El relato empieza con su salida, desde la cárcel de la Fortaleza de Pedro y Pablo -en San Petersburgo, el 3 de enero de 1907- donde permaneció durante todo 1906, dedicándose a escribir. Continúa con su llegada al poblado de Beriozov, el 12 de febrero de 1907, la penúltima parada de un tránsito que tenía que haber terminado en el lugar en el que tenía que cumplir la condena, la remota localidad de Obdorsk.

Este no era otra cosa que un sórdido paraje, ubicado algunos grados al norte del Círculo Polar Ártico, a más de 1500 verstas -unidad de longitud rusa, que equivale a l066,8 metros- de la estación del ferrocarril más cercana y a 800 de un puesto telegráfico.

Sus compañeros de viaje eran, un conductor de trineo borracho, que, empapado permanentemente en vodka y vino, sería su puerta hacia la libertad, además de los renos, que arrastraban su trineo. El autor resaltará las destrezas y bondades de estos nobles animales.

En ese periplo, Trotsky se zambulle hacia el interior de la cultura de una Rusia inhóspita y lanzada al abandono, indagando sus costumbres e idiomas y encontrándose, de vez en cuando, con algún socialdemócrata, ya que, la primera revolución rusa tenía sus expresiones aún en estos lugares tan recónditos, deparándole grandes sorpresas.
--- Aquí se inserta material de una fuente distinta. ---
section \<open>The alphabet {0, 1, a}\<close>

lemma UNIV_letter: "(UNIV :: letter set) = {Zero, One, A}"
  using letter.exhaust by auto

instance letter :: finite
  by standard (simp add: UNIV_letter)

lemma sum_UNIV_letter: "sum f (UNIV :: letter set) = f Zero + f One + f A"
  by (simp add: UNIV_letter add.assoc)

definition law_X :: "real \<Rightarrow> letter \<Rightarrow> real" where
  "law_X p c = (if c = A then p else (1 - p) / 2)"

definition law_Y :: "letter \<Rightarrow> real" where
  "law_Y c = (if c = A then 0 else 1 / 2)"

lemma prob_weights_law_X: "0 \<le> p \<Longrightarrow> p \<le> 1 \<Longrightarrow> prob_weights (law_X p)"
  by (simp add: prob_weights_def law_X_def sum_UNIV_letter)

lemma prob_weights_law_Y: "prob_weights law_Y"
  by (simp add: prob_weights_def law_Y_def sum_UNIV_letter)

lemma (in prob_space) prob_eq_law_Y:
  assumes "Z \<in> measurable M (count_space UNIV)"
    and "prob {\<omega> \<in> space M. Z \<omega> = Zero} = 1 / 2" and "prob {\<omega> \<in> space M. Z \<omega> = One} = 1 / 2"
  shows "prob {\<omega> \<in> space M. Z \<omega> = c} = law_Y c"
proof (cases c)
  case A
  have "prob {\<omega> \<in> space M. Z \<omega> = Zero} + prob {\<omega> \<in> space M. Z \<omega> = One}
      + prob {\<omega> \<in> space M. Z \<omega> = A} = 1"
    using sum_prob_values_eq_1[OF assms(1)] by (simp add: sum_UNIV_letter)
  then show ?thesis
    using assms(2,3) A by (simp add: law_Y_def)
qed (use assms(2,3) in \<open>simp_all add: law_Y_def\<close>)

lemma lcs_variance_letters_ge:
  assumes "0 < p" and "p < 1"
  shows "p ^ 3 * (1 - p) / 4 * real n
    \<le> joint_expectation (law_X p) law_Y n n
         (\<lambda>xs ys. (real (lcs_length xs ys) - expected_lcs (law_X p) law_Y n n)\<^sup>2)"
proof (cases n)
  case 0
  then show ?thesis by (simp add: joint_expectation_def)
next
  case (Suc m)
  let ?E = "expected_lcs (law_X p) law_Y"
  let ?\<Delta> = "?E (Suc m) (Suc m) - ?E m (Suc m)"
  have X: "prob_weights (law_X p)" and Y: "prob_weights law_Y"
    using assms by (simp_all add: prob_weights_law_X prob_weights_law_Y)
  have X_A: "law_X p A = p" and Y_A: "law_Y A = 0"
    by (simp_all add: law_X_def law_Y_def)
  have "(1 - p) / 2 * p \<le> (1 - p) / 2 * (1 - (?E m (Suc m) - ?E m m))"
    using expected_lcs_increment_le[OF X Y Y_A, of m] assms
    by (intro mult_left_mono) (auto simp: X_A)
  also have "\<dots> \<le> ?\<Delta>"
    by (rule expected_lcs_gain[OF X Y]) (simp add: law_X_def law_Y_def)
  finally have "(p * (1 - p) / 2)\<^sup>2 \<le> ?\<Delta>\<^sup>2"
    using assms by (intro power_mono) (auto simp: mult.commute)
  then have "real (Suc m) * p / (1 - p) * (p * (1 - p) / 2)\<^sup>2 \<le> real (Suc m) * p / (1 - p) * ?\<Delta>\<^sup>2"
    using assms by (intro mult_left_mono) auto
  moreover have "p ^ 3 * (1 - p) / 4 * real n = real (Suc m) * p / (1 - p) * (p * (1 - p) / 2)\<^sup>2"
    using assms Suc by (simp add: power2_eq_square power3_eq_cube field_simps)
  moreover have "real (Suc m) * p / (1 - p) * ?\<Delta>\<^sup>2
      \<le> joint_expectation (law_X p) law_Y n n (\<lambda>xs ys. (real (lcs_length xs ys) - ?E n n)\<^sup>2)"
    using expected_lcs_variance_ge[OF X Y Y_A, of m "Suc m"] assms Suc by (simp add: X_A)
  ultimately show ?thesis by linarith
qed

theorem theorem1:
  fixes M :: "'w measure" and p :: real
    and X Y :: "nat \<Rightarrow> 'w \<Rightarrow> letter"
  assumes "prob_space M"
    and "0 < p" and "p < 1"
    and "\<And>i. X i \<in> measurable M (count_space UNIV)"
    and "\<And>i. Y i \<in> measurable M (count_space UNIV)"
    and "prob_space.indep_vars M (\<lambda>_. count_space UNIV)
           (\<lambda>j. case j of Inl i \<Rightarrow> X i | Inr i \<Rightarrow> Y i) UNIV"
    and "\<And>i. measure M {\<omega> \<in> space M. X i \<omega> = A} = p"
    and "\<And>i. measure M {\<omega> \<in> space M. X i \<omega> = Zero} = (1 - p) / 2"
    and "\<And>i. measure M {\<omega> \<in> space M. X i \<omega> = One} = (1 - p) / 2"
    and "\<And>i. measure M {\<omega> \<in> space M. Y i \<omega> = Zero} = 1 / 2"
    and "\<And>i. measure M {\<omega> \<in> space M. Y i \<omega> = One} = 1 / 2"
  shows "\<exists>k>0. \<forall>n::nat.
    (let L = (\<lambda>\<omega>. real (lcs_length (map (\<lambda>i. X i \<omega>) [0..<n]) (map (\<lambda>i. Y i \<omega>) [0..<n])))
     in (LINT \<omega>|M. (L \<omega> - (LINT \<omega>|M. L \<omega>))\<^sup>2) \<ge> k * real n)"
proof -
  interpret prob_space M by fact
  have law_X: "prob {\<omega> \<in> space M. X i \<omega> = c} = law_X p c" for i c
    using assms(7-9) by (cases c) (simp_all add: law_X_def)
  have law_Y: "prob {\<omega> \<in> space M. Y i \<omega> = c} = law_Y c" for i c
    using prob_eq_law_Y[OF assms(5,10,11)] .
  note expectation = expectation_prefixes_eq_joint_expectation[OF assms(4,5,6) law_X law_Y]
  let ?L = "\<lambda>n \<omega>. real (lcs_length (map (\<lambda>i. X i \<omega>) [0..<n]) (map (\<lambda>i. Y i \<omega>) [0..<n]))"
  let ?E = "\<lambda>n. expected_lcs (law_X p) law_Y n n"
  have "p ^ 3 * (1 - p) / 4 * real n \<le> (LINT \<omega>|M. (?L n \<omega> - (LINT \<omega>|M. ?L n \<omega>))\<^sup>2)" for n
    using lcs_variance_letters_ge[OF assms(2,3), of n]
      expectation[where f = "\<lambda>xs ys. real (lcs_length xs ys)"]
      expectation[where f = "\<lambda>xs ys. (real (lcs_length xs ys) - ?E n)\<^sup>2"]
    by simp
  then show ?thesis
    using assms(2,3) by (intro exI[of _ "p ^ 3 * (1 - p) / 4"]) (simp add: Let_def)
qed

end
Las ideas de la muerte y de la cárcel acecharon a Trotsky durante todo el relato, aunque él y sus compañeros consiguieron sobrevivir a una casi segura muerte, a la que, en los hechos, habían sido condenados por el zarismo. Lo lograron, gracias a la valentía de sus actos, que los ubicaron -incluso para sus enemigos de clase- como representantes auténticos de un pueblo, que, durante el traslado y posterior fuga, expresó diferentes grados de solidaridad y admiración.

Siendo consecuentes con la caracterización, no debemos analizar este texto por la ausencia de caracterizaciones y consignas, sino a través de la lupa con la que Trotsky describió al arte en su obra “Literatura y Revolución”: El arte no es un campo en que el partido esté llamado a comandar. Puede y debe proteger, ayudar y solo indirectamente dirigir” (…) “Porque es bueno que en el mundo exista no solo la política, sino también el arte. Es bueno que el arte sea inagotable en sus posibilidades, como la vida misma. En cierto sentido el arte es más rico que la vida, ya que puede aumentar y disminuir, aplicar colores brillantes o, al contrario, limitarse a un lápiz gris, puede presentar un mismo objeto desde diferentes ángulos e iluminarlo con diferentes luces. Napoleón hubo uno solo. Pero sus representaciones artísticas son innumerables”.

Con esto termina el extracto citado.